If you’ve visited the View My CV section on my website, you may have noticed a new privacy-first flow that asks you to verify your identity before downloading my resume. This feature was introduced to strike a balance between open access and secure sharing of personal documents.
In this post, I’ll explain — at a high level — how this CV request workflow operates, the reasoning behind it, and the technologies used to enable it. Specific implementation details and secrets are not included for security and privacy reasons.
📌 Use Case: Why Add a Gate to CV Access?
Rather than publicly exposing your CV or resume file for anyone to download, a controlled access model can help:
- Collect basic requester information (name, email, company, etc.)
- Maintain transparency with a privacy agreement
- Provide accountability for downloads
- Prevent automated scraping or abuse
This design is especially helpful for independent professionals, consultants, or job seekers who want to track interest without making personal documents fully public.
🔐 Privacy-Centric Flow Overview
The solution introduces a multi-step request flow that respects user privacy while gating document access behind OTP verification.
💬 Sequence Flow:
Request Initiation
- Visitor clicks a “View CV” button.
- Prompted to accept the Privacy Policy before proceeding.
Form Submission
- A form collects minimal information:
- Mandatory: Name, Email
- Optional: Phone, Company, Location
- A form collects minimal information:
OTP Delivery
- A one-time passcode (OTP) is generated.
- Sent to the user’s email (and phone if provided).
Verification
- The user enters the OTP on the next screen.
- Upon successful verification, access to the CV is granted.
Download Access
- A time-limited download link is revealed.
- All user data (except OTP) is logged securely.
⚙️ Technical Highlights
The system follows cloud-native and serverless design patterns:
🛠️ Key Components:
- DynamoDB stores request metadata and OTPs.
- Lambda Functions handle:
- Request submission
- OTP generation and delivery
- OTP validation
- Email & SMS Services send OTP securely via:
- Amazon SES for email
- Amazon SNS for SMS (if phone is provided)
- S3 hosts the protected CV file.
- API Gateway or Netlify Functions expose endpoints for user interactions.

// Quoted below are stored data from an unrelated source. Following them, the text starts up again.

definition ipT :: "'a::euclidean_space set \<Rightarrow> ('a \<Rightarrow> real) \<Rightarrow> ('a \<Rightarrow> real) \<Rightarrow> real" where
  "ipT T f g = integral T (\<lambda>x. f x * g x)"

text \<open>Integral over a planar face F with respect to the (d-1)-dimensional surface measure:
  the integral of the normal-constant extension over the unit-height prism F + [0,1] n.\<close>
definition face_integral :: "'a::euclidean_space set \<Rightarrow> 'a set \<Rightarrow> ('a \<Rightarrow> real) \<Rightarrow> real" where
  "face_integral T F g =
     (let n = normal T F; a = (SOME x. x \<in> F) in
      integral {x + t *\<^sub>R n | x t. x \<in> F \<and> t \<in> {0..1}}
               (\<lambda>y. g (y - ((y - a) \<bullet> n) *\<^sub>R n)))"

definition ipF :: "'a::euclidean_space set \<Rightarrow> 'a set \<Rightarrow> ('a \<Rightarrow> real) \<Rightarrow> ('a \<Rightarrow> real) \<Rightarrow> real" where
  "ipF T F f g = face_integral T F (\<lambda>x. f x * g x)"

definition projT :: "'a::euclidean_space set \<Rightarrow> nat \<Rightarrow> ('a \<Rightarrow> real) \<Rightarrow> ('a \<Rightarrow> real)" where
  "projT T l f = (THE g. g \<in> polys l \<and> (\<forall>q\<in>polys l. ipT T (\<lambda>x. f x - g x) q = 0))"

definition projF :: "'a::euclidean_space set \<Rightarrow> 'a set \<Rightarrow> nat \<Rightarrow> ('a \<Rightarrow> real) \<Rightarrow> ('a \<Rightarrow> real)" where
  "projF T F l f = (THE g. g \<in> polysF F l \<and> (\<forall>q\<in>polysF F l. ipF T F (\<lambda>x. f x - g x) q = 0))"

type_synonym 'a hho = "('a \<Rightarrow> real) \<times> ('a set \<Rightarrow> 'a \<Rightarrow> real)"

definition UT :: "'a::euclidean_space set set \<Rightarrow> nat \<Rightarrow> 'a hho set" where
  "UT FT k = {(vT, vF). vT \<in> polys k \<and> (\<forall>F\<in>FT. vF F \<in> polysF F k) \<and>
                        (\<forall>F. F \<notin> FT \<longrightarrow> vF F = (\<lambda>_. 0))}"

definition hho_add :: "'a hho \<Rightarrow> 'a hho \<Rightarrow> 'a hho" where
  "hho_add u v = ((\<lambda>x. fst u x + fst v x), (\<lambda>F x. snd u F x + snd v F x))"

definition hho_scale :: "real \<Rightarrow> 'a hho \<Rightarrow> 'a hho" where
  "hho_scale c v = ((\<lambda>x. c * fst v x), (\<lambda>F x. c * snd v F x))"

definition pT :: "'a::euclidean_space set \<Rightarrow> 'a set set \<Rightarrow> nat \<Rightarrow> 'a hho \<Rightarrow> ('a \<Rightarrow> real)" where
  "pT T FT k v = (THE r. r \<in> polys (Suc k) \<and>
      (\<forall>w\<in>polys (Suc k).
         integral T (\<lambda>x. grad r x \<bullet> grad w x) =
           - ipT T (fst v) (lap w) + (\<Sum>F\<in>FT. ipF T F (snd v F) (\<lambda>x. grad w x \<bullet> normal T F))) \<and>
      integral T (\<lambda>x. r x - fst v x) = 0)"

definition resT :: "'a::euclidean_space set \<Rightarrow> 'a set set \<Rightarrow> nat \<Rightarrow> 'a hho \<Rightarrow> ('a \<Rightarrow> real)" where
  "resT T FT k v = projT T k (\<lambda>x. pT T FT k v x - fst v x)"

definition resTF :: "'a::euclidean_space set \<Rightarrow> 'a set set \<Rightarrow> nat \<Rightarrow> 'a set \<Rightarrow> 'a hho \<Rightarrow> ('a \<Rightarrow> real)" where
  "resTF T FT k F v = projF T F k (\<lambda>x. pT T FT k v x - snd v F x)"

definition interpT :: "'a::euclidean_space set \<Rightarrow> 'a set set \<Rightarrow> nat \<Rightarrow> ('a \<Rightarrow> real) \<Rightarrow> 'a hho" where
  "interpT T FT k w = (projT T k w, (\<lambda>F. if F \<in> FT then projF T F k w else (\<lambda>_. 0)))"

text \<open>(0, Delta_dT v): zero element component, face components v_F - v_T|_F.\<close>
definition bdiff :: "'a::euclidean_space set set \<Rightarrow> 'a hho \<Rightarrow> 'a hho" where
  "bdiff FT v = ((\<lambda>_. 0), (\<lambda>F. if F \<in> FT then (\<lambda>x. if x \<in> F then snd v F x - fst v x else 0)
                               else (\<lambda>_. 0)))"

definition norm1T_sq :: "'a::euclidean_space set \<Rightarrow> 'a set set \<Rightarrow> 'a hho \<Rightarrow> real" where
  "norm1T_sq T FT v = integral T (\<lambda>x. grad (fst v) x \<bullet> grad (fst v) x) +
     (\<Sum>F\<in>FT. (1 / diameter F) * ipF T F (\<lambda>x. snd v F x - fst v x) (\<lambda>x. snd v F x - fst v x))"

definition aT :: "'a::euclidean_space set \<Rightarrow> 'a set set \<Rightarrow> nat \<Rightarrow> ('a hho \<Rightarrow> 'a hho \<Rightarrow> real)
                   \<Rightarrow> 'a hho \<Rightarrow> 'a hho \<Rightarrow> real" where
  "aT T FT k s u v = integral T (\<lambda>x. grad (pT T FT k u) x \<bullet> grad (pT T FT k v) x) + s u v"

definition bilinear_on :: "'a hho set \<Rightarrow> ('a hho \<Rightarrow> 'a hho \<Rightarrow> real) \<Rightarrow> bool" where
  "bilinear_on U s \<longleftrightarrow>
     (\<forall>u\<in>U. \<forall>u'\<in>U. \<forall>v\<in>U. \<forall>a b. s (hho_add (hho_scale a u) (hho_scale b u')) v = a * s u v + b * s u' v) \<and>
     (\<forall>u\<in>U. \<forall>v\<in>U. \<forall>v'\<in>U. \<forall>a b. s u (hho_add (hho_scale a v) (hho_scale b v')) = a * s u v + b * s u v')"

end

theory Submission
  imports Defs "HOL-Computational_Algebra.Polynomial"
begin

text \<open>Every \<open>u\<close> splits as \<open>(0, \<Delta>\<^sub>\<partial>\<^sub>T u) + I\<^sub>T\<^sup>k u\<^sub>T\<close>, because the
  \<open>L\<^sup>2\<close>-projections onto \<open>P\<^sup>k(T)\<close> and \<open>P\<^sup>k(F)\<close> reproduce polynomials of degree \<open>k\<close>: the
  \<open>L\<^sup>2\<close>-products are definite on polynomials, on a face because the face integral is a volume
  integral over a prism above the face. By (S3) and symmetry, \<open>s\<close> vanishes whenever one argument
  is an interpolant, and bilinearity gives the claim.\<close>

lemma finite_exps: "finite (exps l :: ('a::euclidean_space \<Rightarrow> nat) set)"
proof -
  have "(exps l :: ('a \<Rightarrow> nat) set) \<subseteq> (\<lambda>f b. if b \<in> Basis then f b else 0) ` (Basis \<rightarrow>\<^sub>E {..l})"
  proof
    fix \<alpha> :: "'a \<Rightarrow> nat" assume \<alpha>: "\<alpha> \<in> exps l"
    then have "\<alpha> = (\<lambda>b. if b \<in> Basis then restrict \<alpha> Basis b else 0)"
      by (auto simp: exps_def)
    moreover have "\<alpha> b \<le> l" if "b \<in> Basis" for b
      using \<alpha> that unfolding exps_def
      by (metis (no_types, lifting) finite_Basis member_le_sum mem_Collect_eq order_trans zero_le)
    then have "restrict \<alpha> Basis \<in> Basis \<rightarrow>\<^sub>E {..l}"
      by (simp add: restrict_PiE_iff)
    ultimately show "\<alpha> \<in> (\<lambda>f b. if b \<in> Basis then f b else 0) ` (Basis \<rightarrow>\<^sub>E {..l})"
      by (rule image_eqI)
  qed
  then show ?thesis
    by (rule finite_subset) (intro finite_imageI finite_PiE; simp)
qed

lemma exps_subset_Suc: "exps l \<subseteq> exps (Suc l)"
  by (auto simp: exps_def)

lemma polys_subset_Suc: "polys l \<subseteq> polys (Suc l)"
proof
  fix p assume "p \<in> polys l"
  then obtain c where c: "p = (\<lambda>x. \<Sum>\<alpha>\<in>exps l. c \<alpha> * mono \<alpha> x)"
    by (auto simp: polys_def)
  define c' where "c' \<alpha> = (if \<alpha> \<in> exps l then c \<alpha> else 0)" for \<alpha>
  have "(\<Sum>\<alpha>\<in>exps l. c \<alpha> * mono \<alpha> x) = (\<Sum>\<alpha>\<in>exps (Suc l). c' \<alpha> * mono \<alpha> x)" for x
    by (rule sum.mono_neutral_cong_left) (auto simp: finite_exps exps_subset_Suc[THEN subsetD] c'_def)
  then show "p \<in> polys (Suc l)"
    unfolding polys_def c by blast
qed

lemma polys_diff: "p \<in> polys l \<Longrightarrow> q \<in> polys l \<Longrightarrow> (\<lambda>x. p x - q x) \<in> polys l"
proof -
  assume "p \<in> polys l" "q \<in> polys l"
  then obtain c d where "p = (\<lambda>x. \<Sum>\<alpha>\<in>exps l. c \<alpha> * mono \<alpha> x)"
    and "q = (\<lambda>x. \<Sum>\<alpha>\<in>exps l. d \<alpha> * mono \<alpha> x)"
    by (auto simp: polys_def)
  then have "(\<lambda>x. p x - q x) = (\<lambda>x. \<Sum>\<alpha>\<in>exps l. (c \<alpha> - d \<alpha>) * mono \<alpha> x)"
    by (simp add: sum_subtractf[symmetric] left_diff_distrib)
  then show ?thesis
    unfolding polys_def mem_Collect_eq by (rule exI[of _ "\<lambda>\<alpha>. c \<alpha> - d \<alpha>"])
qed

lemma zero_in_polys: "(\<lambda>x. 0) \<in> polys l"
  unfolding polys_def by (rule CollectI, rule exI[of _ "\<lambda>_. 0"]) simp

lemma continuous_on_polys: "p \<in> polys l \<Longrightarrow> continuous_on UNIV p"
  unfolding polys_def mono_def by (auto intro!: continuous_intros)

lemma polys_along_line: "p \<in> polys l \<Longrightarrow> \<exists>P. \<forall>t. p (x + t *\<^sub>R v) = poly P t"
proof -
  assume "p \<in> polys l"
  then obtain c where c: "p = (\<lambda>x. \<Sum>\<alpha>\<in>exps l. c \<alpha> * mono \<alpha> x)"
    by (auto simp: polys_def)
  define P where "P = (\<Sum>\<alpha>\<in>exps l. smult (c \<alpha>) (\<Prod>b\<in>Basis. [: x \<bullet> b, v \<bullet> b :] ^ \<alpha> b))"
  have "\<forall>t. p (x + t *\<^sub>R v) = poly P t"
    by (simp add: c P_def mono_def poly_sum poly_prod inner_add_left algebra_simps)
  then show ?thesis by blast
qed

text \<open>On each line through a point of the open set, the restriction is a univariate
  polynomial with infinitely many roots.\<close>
lemma polys_eq_0_if_vanishes_on_open:
  assumes p: "p \<in> polys l" and S: "open S" "x0 \<in> S" and vanish: "\<forall>x\<in>S. p x = 0"
  shows "p = (\<lambda>_. 0)"
proof
  fix y
  obtain P where P: "\<forall>t. p (x0 + t *\<^sub>R (y - x0)) = poly P t"
    using polys_along_line[OF p] by blast
  let ?line = "\<lambda>t::real. x0 + t *\<^sub>R (y - x0)"
  have "open (?line -` S)"
    by (rule open_vimage[OF S(1)]) (intro continuous_intros)
  moreover have "0 \<in> ?line -` S"
    using S(2) by simp
  ultimately obtain e where e: "e > 0" "ball 0 e \<subseteq> ?line -` S"
    by (rule openE)
  have "{-e<..<e} \<subseteq> {t. poly P t = 0}"
  proof
    fix t :: real assume "t \<in> {-e<..<e}"
    then have "t \<in> ball 0 e"
      by (simp add: dist_real_def abs_less_iff)
    then have "p (?line t) = 0"
      using e(2) vanish by blast
    then show "t \<in> {t. poly P t = 0}"
      using P by simp
  qed
  moreover have "infinite {-e<..<e}"
    using e(1) by simp
  ultimately have "infinite {t. poly P t = 0}"
    by (rule infinite_super)
  then have "P = 0"
    using poly_roots_finite by auto
  then show "p y = 0"
    using P[rule_format, of 1] by simp
qed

🔒 Security Considerations:
- OTP Hashing: OTPs are never stored in plaintext; they are hashed before saving.
- One-Time Use: OTPs auto-expire after 10 minutes and are deleted after use.
- Rate Limiting: Requests per IP are limited to prevent abuse.
- Presigned URLs: CV is served via a time-limited S3 URL.
- TTL Cleanup: Expired OTPs are automatically cleaned up via DynamoDB TTL.
🧠 Benefits
- Privacy-first: Consent and transparency before any data collection.
- Secure access: No public file exposure; gated access ensures auditability.
- User-friendly: The OTP process is familiar and seamless for most users.
- Auditable: Logged requests provide insight into who is accessing your material.
🔄 Future Enhancements
- Integrate CAPTCHA for bot protection
- Add analytics on request trends
- Auto-reply confirmation email with thank-you note
- Export request logs periodically
📘 Coming Up Next: Behind the Scenes
In the next post, I’ll share a behind-the-scenes look at how this privacy-first CV flow is implemented using:
- AWS Lambda
- DynamoDB table design (with TTL and hashed OTPs)
- SES + SNS delivery pipelines
- Secure pre-signed S3 links
Stay tuned if you’re a developer looking to implement a similar pattern for gated asset downloads or secure lead capture.
✅ Conclusion
This CV request system provides a strong balance between privacy, usability, and security. It’s lightweight enough for individual professionals to implement, yet robust enough to meet modern standards of data protection and access control.
Whether you’re sharing your resume or offering downloadable whitepapers or reports, applying a similar flow can help you respect your visitors’ privacy while protecting your intellectual property.